Fenomena ini memperkuat teori incidental news consumption ala Bernard Berelson, di mana informasi hanya dikonsumsi secara tidak sengaja di tengah aktivitas hiburan. Ditambah lagi dengan realitas algoritma media sosial yang menciptakan filter bubbles, menjebak pengguna hanya pada konten yang mereka sukai, dan menyembunyikan isu-isu penting yang tidak populer.

Filter bubbles dan apatisme ini membuat kerja jurnalis dan aktivis sipil menjadi lebih berat. Mereka berjuang dalam ruang gema yang tidak lagi memperhatikan isu substansial, namun lebih tertarik pada drama sesaat.

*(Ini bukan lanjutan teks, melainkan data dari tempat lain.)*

lemma freely_reduced_snoc_last:
  assumes "freely_reduced (w @ [\<sigma>])" "w \<noteq> []"
  shows "last w \<noteq> inv_sym \<sigma>"
proof -
  have "Suc (length w - 1) < length (w @ [\<sigma>])"
    "(w @ [\<sigma>]) ! (length w - 1) = last w" "(w @ [\<sigma>]) ! Suc (length w - 1) = \<sigma>"
    using assms(2) by (simp_all add: nth_append last_conv_nth)
  then have "\<not> (fst (last w) = fst \<sigma> \<and> snd (last w) \<noteq> snd \<sigma>)"
    using assms(1) unfolding freely_reduced_def by metis
  then show ?thesis
    by (auto simp: inv_sym_def)
qed

lemma locally_reduced_snoc_moves:
  assumes "locally_reduced x (w @ [\<sigma>])"
  shows "act \<sigma> (evalw x w) \<noteq> evalw x w"
  using assms[unfolded locally_reduced_def, THEN conjunct2, rule_format, of w \<sigma> "[]"]
  by (simp add: evalw_append)

lemma src_word_prefix_subset: "src_word m u \<subseteq> src_word m (u @ v)"
  by (cases u) (auto simp: src_word_def)

lemma evalw_in_dest_last:
  assumes gf: "geom_fast A m"
  shows "w \<noteq> [] \<Longrightarrow> locally_reduced x w \<Longrightarrow> x \<in> {0..1} \<Longrightarrow> is_word A w \<Longrightarrow>
    x \<notin> src_word m w \<Longrightarrow> evalw x w \<in> dest_sym m (last w)"
proof (induction w rule: rev_induct)
  case Nil
  then show ?case by simp
next
  case (snoc \<sigma> w)
  have bumps: "\<forall>a\<in>A. positive_bump a" and "is_marking A m"
    using gf by (auto simp: geom_fast_def)
  have \<sigma>: "fst \<sigma> \<in> A" and w: "is_word A w"
    using snoc.prems(4) by (auto simp: is_word_def)
  have "evalw x w \<notin> src_sym m \<sigma>"
  proof (cases "w = []")
    case True
    then show ?thesis using snoc.prems(5) by (simp add: src_word_def)
  next
    case False
    have "evalw x w \<in> dest_sym m (last w)"
      using snoc.IH[OF False locally_reduced_prefix[OF snoc.prems(2)] snoc.prems(3) w]
        snoc.prems(5) src_word_prefix_subset by blast
    moreover have "last w \<noteq> inv_sym \<sigma>"
      using freely_reduced_snoc_last[OF _ False] snoc.prems(2) by (simp add: locally_reduced_def)
    moreover have "fst (last w) \<in> A" "fst (inv_sym \<sigma>) \<in> A"
      using False w \<sigma> by (auto simp: is_word_def inv_sym_def)
    ultimately show ?thesis
      using dest_sym_meet_imp_eq[OF gf] unfolding src_sym_eq_dest_sym_inv by blast
  qed
  then show ?case
    using act_moves_into_dest_sym[of \<sigma> m "evalw x w"] bumps \<open>is_marking A m\<close> \<sigma>
      evalw_in_unit[OF bumps w snoc.prems(3)] locally_reduced_snoc_moves[OF snoc.prems(2)]
    by (auto simp: is_marking_def evalw_append)
qed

Momentum untuk Mengawal, Bukan Menyerah

Sudah lebih dari satu dekade revisi UU Penyiaran menjadi wacana. Sejak 2011, berbagai kajian dan diskusi telah dilakukan, namun selalu kandas di tengah jalan. Tahun 2024 seharusnya bisa menjadi momen penyempurnaan regulasi, bukan justru menciptakan produk hukum baru yang represif.

Jika DPR dan pemerintah serius ingin menyesuaikan dengan zaman, maka mereka harus mengedepankan prinsip inklusivitas, partisipasi publik, serta menjunjung tinggi kemerdekaan berekspresi. Jangan hanya menjadikan revisi ini sebagai formalitas perundang-undangan belaka.

Sejarah menunjukkan bahwa ketika ruang berekspresi dipersempit, kreativitas dan kebenaran akan mencari jalan alternatif. Larangan bukanlah solusi. Kontrol berlebihan bukanlah jaminan stabilitas. Yang dibutuhkan adalah regulasi yang adaptif, bukan represif.

RUU Penyiaran seharusnya hadir sebagai jawaban atas tantangan era digital, bukan sebagai jerat terhadap kebebasan. Jika pasal-pasal kontroversial tetap dipaksakan, maka jelas sudah arah yang dipilih: pengerdilan demokrasi demi kenyamanan kekuasaan.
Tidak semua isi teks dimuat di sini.